The death of Mr Gillam may have been prevented if communication systems had been in place. The failure to order and undertake a head CT scan following a request by the patient’s local general practitioner and the history of headaches could well have contributed to this patient’s death. Without more in-depth documentation indicating that after proper clinical examination the history was inconsistent with subarachnoid haemorrhage then a diagnostic CT scan should have been attended. Nurses advocating strongly for this patient and querying the decision of not undertaking a scan may have resulted in a different outcome. Having systems in place to ensure that Career Medical Officers are appropriately experienced and credentialed may also have prevented this death.

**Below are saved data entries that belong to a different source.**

lemma formulation_simps:
  "n_aux formulation = num_aux" "set (lin formulation) = lin_cons" "soc formulation = []"
  "set (rsoc formulation) = cone_cons"
  "length (lin formulation) = card lin_cons" "length (rsoc formulation) = card cone_cons"
  using set_length_list_of[OF finite_lin_cons] set_length_list_of[OF finite_cone_cons] unfolding formulation_def
  by auto

lemma feasible_iff_moment_conditions: "feasible I formulation x \<longleftrightarrow> moment_conditions x"
  unfolding feasible_def Let_def formulation_simps lin_cons_def ball_Un moment_conditions_def
    nonneg_cons_iff normalization_cons_iff consistency_cons_iff node_cons_iff edge_cons_iff
    minus_loop_cons_iff plus_loop_cons_iff cone_cons_iff
  by simp

subsection \<open>Every point of QP(G) lifts to a feasible point\<close>

definition node_val :: "('a coord \<Rightarrow> real) \<Rightarrow> nat \<Rightarrow> real" where
  "node_val z i = z (CV (f i))"

text \<open>A point \<open>z\<close> of the nonconvex set lifts via the random subset that contains each node \<open>i\<close>
  independently with probability \<open>z\<^sub>i\<close>, and \<open>w\<^sub>p(T) = Pr[A \<inter> N(p) = T] z\<^sub>p\<^sup>2\<close>.\<close>

definition lift :: "('a coord \<Rightarrow> real) \<Rightarrow> 'a coord + nat \<Rightarrow> real" where
  "lift z v = (case v of Inl c \<Rightarrow> z c | Inr j \<Rightarrow>
     (case the_inv_into (aux_labels n plus_pos) idx j of
        Moment k T \<Rightarrow> indep_prob (fan_bag n k) (node_val z) T
      | Cone p T \<Rightarrow> indep_prob (cyc_nbrs n p) (node_val z) T * (node_val z p)\<^sup>2))"

lemma lift_Inl [simp]: "lift z (Inl c) = z c"
  unfolding lift_def by simp

lemma inj_idx: "inj_on idx (aux_labels n plus_pos)"
  using idx_bij unfolding plus_pos_def bij_betw_def by simp

lemma lift_mu_var: "k < n - 2 \<Longrightarrow> T \<subseteq> fan_bag n k \<Longrightarrow> lift z (mu_var k T) = indep_prob (fan_bag n k) (node_val z) T"
proof -
  assume "k < n - 2" "T \<subseteq> fan_bag n k"
  then have "the_inv_into (aux_labels n plus_pos) idx (idx (Moment k T)) = Moment k T"
    by (intro the_inv_into_f_f[OF inj_idx]) (auto simp: aux_labels_def)
  then show ?thesis unfolding lift_def mu_var_def by simp
qed

lemma lift_w_var:
  "p \<in> plus_pos \<Longrightarrow> T \<subseteq> cyc_nbrs n p \<Longrightarrow> lift z (w_var p T) = indep_prob (cyc_nbrs n p) (node_val z) T * (node_val z p)\<^sup>2"
proof -
  assume "p \<in> plus_pos" "T \<subseteq> cyc_nbrs n p"
  then have "the_inv_into (aux_labels n plus_pos) idx (idx (Cone p T)) = Cone p T"
    by (intro the_inv_into_f_f[OF inj_idx]) (auto simp: aux_labels_def)
  then show ?thesis unfolding lift_def w_var_def by simp
qed

lemma marginal_lift:
  assumes "k < n - 2" "C \<subseteq> fan_bag n k" "T \<subseteq> C"
  shows "marginal (fan_bag n k) (mu (lift z) k) C T = indep_prob C (node_val z) T"
proof -
  have "marginal (fan_bag n k) (mu (lift z) k) C T = marginal (fan_bag n k) (indep_prob (fan_bag n k) (node_val z)) C T"
    unfolding marginal_def by (rule sum.cong) (use lift_mu_var assms in auto)
  also have "\<dots> = indep_prob C (node_val z) T"
    by (rule marginal_indep_prob) (use assms finite_fan_bag in auto)
  finally show ?thesis .
qed

context
  fixes z :: "'a coord \<Rightarrow> real" assumes z: "z \<in> QP_points V E Lm Lp"
begin

lemma node_val_bounds: "i < n \<Longrightarrow> 0 \<le> node_val z i \<and> node_val z i \<le> 1"
  using z f_in_V unfolding QP_points_def node_val_def by auto

lemma lift_mu_nonneg: "k < n - 2 \<Longrightarrow> T \<subseteq> fan_bag n k \<Longrightarrow> 0 \<le> mu (lift z) k T"
  using lift_mu_var node_val_bounds fan_bag_lt by (auto intro!: indep_prob_nonneg)

lemma lift_normalized: "k < n - 2 \<Longrightarrow> marginal (fan_bag n k) (mu (lift z) k) {} {} = 1"
  by (simp add: marginal_lift indep_prob_def)

lemma lift_consistent: "Suc k < n - 2 \<Longrightarrow> T \<subseteq> fan_bag n k \<inter> fan_bag n (Suc k) \<Longrightarrow>
    marginal (fan_bag n k) (mu (lift z) k) (fan_bag n k \<inter> fan_bag n (Suc k)) T =
    marginal (fan_bag n (Suc k)) (mu (lift z) (Suc k)) (fan_bag n k \<inter> fan_bag n (Suc k)) T"
  by (simp add: marginal_lift)

lemma lift_node_var: "k < n - 2 \<Longrightarrow> i \<in> fan_bag n k \<Longrightarrow>
    lift z (node_var i) = marginal (fan_bag n k) (mu (lift z) k) {i} {i}"
  by (simp add: marginal_lift indep_prob_def node_var_def node_val_def)

lemma lift_edge_var:
  assumes "k < n - 2" "i < n" "i \<in> fan_bag n k" "cyc_succ n i \<in> fan_bag n k"
  shows "lift z (edge_var i) = marginal (fan_bag n k) (mu (lift z) k) {i, cyc_succ n i} {i, cyc_succ n i}"
  using assms z edge_in_E[OF \<open>i < n\<close>] cyc_neighbours_distinct(1)[OF n3 \<open>i < n\<close>]
  by (simp add: QP_points_def marginal_lift indep_prob_def edge_var_def node_val_def)

lemma lift_minus_loop:
  assumes "k < n - 2" "i \<in> fan_bag n k" "i \<in> minus_pos"
  shows "lift z (loop_var i) \<le> marginal (fan_bag n k) (mu (lift z) k) {i} {i}"
proof -
  have "lift z (loop_var i) \<le> (node_val z i)\<^sup>2"
    using z assms unfolding QP_points_def minus_pos_def node_val_def loop_var_def by auto
  also have "\<dots> \<le> node_val z i"
    using node_val_bounds[OF minus_pos_lt[OF \<open>i \<in> minus_pos\<close>]] by (simp add: power2_eq_square mult_left_le)
  finally show ?thesis using assms by (simp add: marginal_lift indep_prob_def)
qed

lemma lift_plus_loop:
  assumes "p \<in> plus_pos"
  shows "(\<Sum>T\<in>Pow (cyc_nbrs n p). lift z (w_var p T)) \<le> lift z (loop_var p)"
proof -
  have "(\<Sum>T\<in>Pow (cyc_nbrs n p). lift z (w_var p T))
      = (\<Sum>T\<in>Pow (cyc_nbrs n p). indep_prob (cyc_nbrs n p) (node_val z) T) * (node_val z p)\<^sup>2"
    unfolding sum_distrib_right by (rule sum.cong) (use lift_w_var assms in auto)
  also have "\<dots> = (node_val z p)\<^sup>2" by (simp add: sum_indep_prob)
  also have "\<dots> \<le> lift z (loop_var p)"
    using z assms unfolding QP_points_def plus_pos_def node_val_def loop_var_def by auto
  finally show ?thesis .
qed

lemma lift_cone:
  assumes p: "p \<in> plus_pos" and k: "k < n - 2" "{cyc_pred n p, p, cyc_succ n p} \<subseteq> fan_bag n k"
    and T: "T \<subseteq> cyc_nbrs n p"
  shows "(marginal (fan_bag n k) (mu (lift z) k) {cyc_pred n p, p, cyc_succ n p} (insert p T))\<^sup>2
      \<le> lift z (w_var p T) * marginal (fan_bag n k) (mu (lift z) k) (cyc_nbrs n p) T \<and>
    0 \<le> lift z (w_var p T) \<and> 0 \<le> marginal (fan_bag n k) (mu (lift z) k) (cyc_nbrs n p) T"
proof -
  have p_lt: "p < n" by (rule plus_pos_lt[OF p])
  have "marginal (fan_bag n k) (mu (lift z) k) {cyc_pred n p, p, cyc_succ n p} (insert p T)
      = indep_prob (insert p (cyc_nbrs n p)) (node_val z) (insert p T)"
    using k T by (subst marginal_lift) (auto simp: insert_commute)
  also have "\<dots> = node_val z p * indep_prob (cyc_nbrs n p) (node_val z) T"
    by (rule indep_prob_insert) (use cyc_neighbours_distinct[OF n3 p_lt] T in auto)
  finally have triple: "marginal (fan_bag n k) (mu (lift z) k) {cyc_pred n p, p, cyc_succ n p} (insert p T)
      = node_val z p * indep_prob (cyc_nbrs n p) (node_val z) T" .
  have pair: "marginal (fan_bag n k) (mu (lift z) k) (cyc_nbrs n p) T = indep_prob (cyc_nbrs n p) (node_val z) T"
    using k T by (subst marginal_lift) auto
  have "0 \<le> indep_prob (cyc_nbrs n p) (node_val z) T"
    by (rule indep_prob_nonneg) (use node_val_bounds cyc_pred_lt cyc_succ_lt p_lt T in auto)
  then show ?thesis
    unfolding triple pair lift_w_var[OF p T] by (simp add: power2_eq_square)
qed

lemma moment_conditions_lift: "moment_conditions (lift z)"
  unfolding moment_conditions_def
  by (intro conjI allI impI ballI)
    (simp_all add: lift_mu_nonneg lift_normalized lift_consistent lift_node_var lift_edge_var
      lift_minus_loop lift_plus_loop lift_cone)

The level of Career Medical Officers clinical experience increased the likelihood that he did not have the medical skills required in dealing with patients in an ordinary clinical setting. The coroner’s recommendation to the Department of Health to investigate and to the clinical competence of the clinician will prove difficult if he is unable to be contacted. The gap of three years prior to his appointment as Career Medical Officer in the hospital already highlights the difficulty that will be found in finding further information from international sources. A system to ensure that the whereabouts of doctors are when they leave the public hospital system will be complicated to develop and then enforce. Medicine in Australia, is made up of many overseas practitioners, who have a wide variety of expertise, developing a system that will keep track of any medical practitioner that has worked within the public health system will be very complex unless the medical officers involved see this as part of the ethical and moral obligation to do so.